A Top Trainer Shares 4 Tips to Help You Build Wide Shoulders

·4-min read
Photo credit: John Fedele - Getty Images
Photo credit: John Fedele - Getty Images

If you’re having a hard time getting your shoulders wider and thicker (particularly if you're aiming for big delts), Jeremy Ethier, fitness trainer, and founder of Built with Science, is here to help. He recently shared a video in which he explains four key reasons why people fail to develop their shoulders—and some easy-to-follow tips to correct the mistakes.

Ethier notes that the muscles of your shoulder you're likely aiming to develop can be divided into three regions; the front, side, and rear delts.

  • The front delt is involved in many pressing movements like the bench press and shoulder press. Many people overdevelop these muscles since they're involved in common exercises.

  • The rear delt is important for rounding out the back of the shoulder.

  • The side delts are the key muscle you'll need to develop to build wide shoulders. Ethier believes that the dumbbell lateral raise is a key movement for this.

Ethier says there are four major flaws people overlook with lateral raises (and with their side delt training in general) that slows down growth and increases the likelihood of injury.

Flaw 1: Resistance Profiles

The first reason your shoulder training might be lacking is that you are using just one resistance profile by relying on the traditional lateral raise.

"To stimulate more growth, you’ll want to also perform an exercise that has the opposite resistance profile, where it’s most difficult at the bottom and easiest at the top," says Ethier.

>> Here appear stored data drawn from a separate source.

lemma repack_props:
  fixes Q s j k0
  defines "ts \<equiv> place_all Q (sorted_list_of_set (contents s Q (Class j k0))) s"
  defines "s' \<equiv> last (s # ts)"
  assumes ok: "packing_ok E Q s" and k0: "k0 < cur s j"
  shows "\<forall>t\<in>set ts. packing_ok E Q t \<and> sizes t = sizes s"
    and "successively (\<lambda>t u. \<exists>y v. bins u = (bins t)(y := v)) (s # ts)"
    and "contents s' Q (Class j k0) = {}"
    and "\<forall>j' k'. k' < cur s j' \<longrightarrow> (j', k') \<noteq> (j, k0) \<longrightarrow>
           contents s' Q (Class j' k') = contents s Q (Class j' k')"
    and "closes_half_full s s' Q"
    and "\<forall>j'. j' \<noteq> j \<longrightarrow> cur s' j' = cur s j'"
    and "length ts = card (contents s Q (Class j k0))"
proof -
  let ?S = "contents s Q (Class j k0)"
  have "finite ?S" using ok unfolding packing_ok_def contents_def by simp
  then have xs: "distinct (sorted_list_of_set ?S)" "set (sorted_list_of_set ?S) = ?S" by simp_all
  have "set (sorted_list_of_set ?S) \<subseteq> Q" "\<forall>x\<in>set (sorted_list_of_set ?S). bins s x = Class j k0"
    using xs(2) unfolding contents_def by auto
  note R = place_all_props[OF ok xs(1) this k0, folded ts_def s'_def, unfolded xs(2)]
  then show "\<forall>t\<in>set ts. packing_ok E Q t \<and> sizes t = sizes s"
    and "successively (\<lambda>t u. \<exists>y v. bins u = (bins t)(y := v)) (s # ts)"
    and "closes_half_full s s' Q" and "\<forall>j'. j' \<noteq> j \<longrightarrow> cur s' j' = cur s j'"
    and "length ts = card ?S"
    using distinct_card[OF xs(1)] xs(2) by auto
  have moved: "\<exists>k. bins s' x = Class j k \<and> cur s j \<le> k" if "x \<in> ?S" for x
    using R that by blast
  have kept: "bins s' x = bins s x" if "x \<notin> ?S" for x
    using R that by blast
  show "contents s' Q (Class j k0) = {}"
    using moved kept k0 unfolding contents_def by fastforce
  have "bins s' x = Class j' k' \<longleftrightarrow> bins s x = Class j' k'"
    if "k' < cur s j'" "(j', k') \<noteq> (j, k0)" "x \<in> Q" for j' k' x
    using moved kept that unfolding contents_def by (cases "bins s x = Class j k0") fastforce+
  then show "\<forall>j' k'. k' < cur s j' \<longrightarrow> (j', k') \<noteq> (j, k0) \<longrightarrow>
      contents s' Q (Class j' k') = contents s Q (Class j' k')"
    unfolding contents_def by blast
qed

text \<open>Emptying an underfull bin releases its potential, which pays for the migrations.\<close>
lemma repack_step:
  fixes P i s
  defines "Q \<equiv> P - {i}"
  defines "ts \<equiv> place_all Q (sorted_list_of_set (contents s Q (bins s i))) s"
  assumes inv: "alg_invariant \<alpha> E P s" and i: "i \<in> P" and under: "underfull \<alpha> Q s (bins s i)"
    and \<alpha>: "\<alpha> \<le> 1/2" and \<beta>: "0 \<le> \<beta>" and \<alpha>\<beta>: "2 * \<alpha> \<le> \<beta> * (1/2 - \<alpha>)"
  shows "\<forall>t\<in>set ts. packing_ok E Q t \<and> sizes t = sizes s"
    and "successively (\<lambda>t u. \<exists>y v. bins u = (bins t)(y := v)) (s # ts)"
    and "alg_invariant \<alpha> E Q (last (s # ts))"
    and "real (length ts) + potential \<beta> (last (s # ts)) Q \<le> potential \<beta> s Q"
proof -
  define s' where "s' = last (s # ts)"
  obtain j k0 where b: "bins s i = Class j k0" and k0: "k0 < cur s j"
    and low: "load s Q (Class j k0) < \<alpha>"
    using under unfolding underfull_def by (auto split: bin.splits)
  have ok: "packing_ok E Q s" using inv packing_ok_subset unfolding alg_invariant_def Q_def by blast
  have cur: "\<forall>j. E \<le> j \<longrightarrow> cur s j = 0" using inv unfolding alg_invariant_def by blast
  have "placed_ok E s i" using inv i unfolding alg_invariant_def packing_ok_def by blast
  then have jE: "j < E" using b by (simp add: placed_ok_Class)
  have ts: "ts = place_all Q (sorted_list_of_set (contents s Q (Class j k0))) s"
    unfolding ts_def b ..
  note R = repack_props[OF ok k0, folded ts, folded s'_def]
  then show "\<forall>t\<in>set ts. packing_ok E Q t \<and> sizes t = sizes s"
    and "successively (\<lambda>t u. \<exists>y v. bins u = (bins t)(y := v)) (s # ts)" by blast+
  have "s' = s \<or> s' \<in> set ts" unfolding s'_def by (cases ts) auto
  then have ok': "packing_ok E Q s'" and sizes': "sizes s' = sizes s"
    using R(1) ok by auto
  have cur': "\<forall>j'. E \<le> j' \<longrightarrow> cur s' j' = 0" using R(6) cur jE by auto
  have old: "contents s' Q (Class j' k') = contents s P (Class j' k')"
    if "k' < cur s j'" "(j', k') \<noteq> (j, k0)" for j' k'
    using R(4) that b unfolding Q_def contents_def by auto
  have "\<alpha> \<le> load s' Q (Class j' k')"
    if "k' < cur s' j'" "contents s' Q (Class j' k') \<noteq> {}" for j' k'
  proof (cases "k' < cur s j'")
    case True
    with that R(3) have "(j', k') \<noteq> (j, k0)" by auto
    with True have "contents s' Q (Class j' k') = contents s P (Class j' k')" by (rule old)
    moreover from this have "load s' Q (Class j' k') = load s P (Class j' k')"
      using sizes' by (intro load_cong) auto
    ultimately show ?thesis using inv True that unfolding alg_invariant_def by auto
  next
    case False
    then have "1/2 \<le> load s' Q (Class j' k')"
      using R(5) that unfolding closes_half_full_def by (simp add: not_less)
    then show ?thesis using \<alpha> by linarith
  qed
  then show "alg_invariant \<alpha> E Q (last (s # ts))"
    unfolding alg_invariant_def s'_def[symmetric] using ok' cur' by blast
  have "potential \<beta> s' Q = potential \<beta> s Q - bin_potential \<beta> s Q j k0"
    using finite_closed_bins[OF cur] finite_closed_bins[OF cur'] k0 R(3,4,5) sizes'
    by (intro potential_emptied_bin) (auto simp: closed_bins_def)
  moreover have "real (length ts) \<le> bin_potential \<beta> s Q j k0"
    using R(7) card_contents_le_bin_potential[OF ok low \<beta> \<alpha>\<beta>] by simp
  ultimately show "real (length ts) + potential \<beta> (last (s # ts)) Q \<le> potential \<beta> s Q"
    unfolding s'_def by simp
qed

lemma depart_step:
  fixes \<alpha> P i s
  defines "out \<equiv> depart \<alpha> (P - {i}) i s"
  assumes inv: "alg_invariant \<alpha> E P s" and i: "i \<in> P"
    and \<alpha>: "\<alpha> \<le> 1/2" and \<beta>: "0 \<le> \<beta>" and \<alpha>\<beta>: "2 * \<alpha> \<le> \<beta> * (1/2 - \<alpha>)"
  shows "out \<noteq> []" and "hd out = s"
    and "\<forall>t\<in>set out. packing_ok E (P - {i}) t \<and> sizes t = sizes s"
    and "successively (\<lambda>t u. \<exists>y v. bins u = (bins t)(y := v)) out"
    and "alg_invariant \<alpha> E (P - {i}) (last out)"
    and "real (length out - 1) + potential \<beta> (last out) (P - {i}) \<le> potential \<beta> s P + \<beta>"
proof -
  have ok: "packing_ok E (P - {i}) s" using inv packing_ok_subset unfolding alg_invariant_def by blast
  have pot: "potential \<beta> s (P - {i}) \<le> potential \<beta> s P + \<beta>" using potential_remove[OF inv i \<beta>] .
  show "out \<noteq> []" and "hd out = s" unfolding out_def depart_def by simp_all
  have "(\<forall>t\<in>set out. packing_ok E (P - {i}) t \<and> sizes t = sizes s) \<and>
    successively (\<lambda>t u. \<exists>y v. bins u = (bins t)(y := v)) out \<and>
    alg_invariant \<alpha> E (P - {i}) (last out) \<and>
    real (length out - 1) + potential \<beta> (last out) (P - {i}) \<le> potential \<beta> s P + \<beta>"
  proof (cases "underfull \<alpha> (P - {i}) s (bins s i)")
    case True
    then show ?thesis
      using repack_step[OF inv i True \<alpha> \<beta> \<alpha>\<beta>] ok pot unfolding out_def depart_def by auto
  next
    case False
    then show ?thesis
      using depart_keep[OF inv i False] ok pot unfolding out_def depart_def by simp
  qed
  then show "\<forall>t\<in>set out. packing_ok E (P - {i}) t \<and> sizes t = sizes s"
    and "successively (\<lambda>t u. \<exists>y v. bins u = (bins t)(y := v)) out"
    and "alg_invariant \<alpha> E (P - {i}) (last out)"
    and "real (length out - 1) + potential \<beta> (last out) (P - {i}) \<le> potential \<beta> s P + \<beta>"
    by blast+
qed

To do this, he suggests grabbing a cable or band and performing a one-handed lateral raise. If you only have dumbbells, he recommends two exercises that will achieve the same effect. The first exercise is a lean-in lateral raise, which challenges your delts by manipulating your body position, depending on an anchor point for balance. The second exercise, the explosive momentum lateral raise, changes the resistance profile by using momentum to raise the weights to the top.

Flaw 2: Technique

According to Ethier, technique is one of the biggest issues with lateral side raises. He cites three common mistakes people generally make when performing the exercise:

  • The first is that your arms shouldn’t actually be directly out to your sides. Instead, you should move into what’s known as the scapular plane, which is about 20 to 30 degrees out from your torso. A slight lean forward as you do this will help boost side delt activation even more.

  • The second mistake has to do with your hands. Instead of turning your hands inward so that your pinkies end up higher than your thumbs at the end position, keep your hand flat with or with your thumbs just slightly higher than your pinkies at the top position.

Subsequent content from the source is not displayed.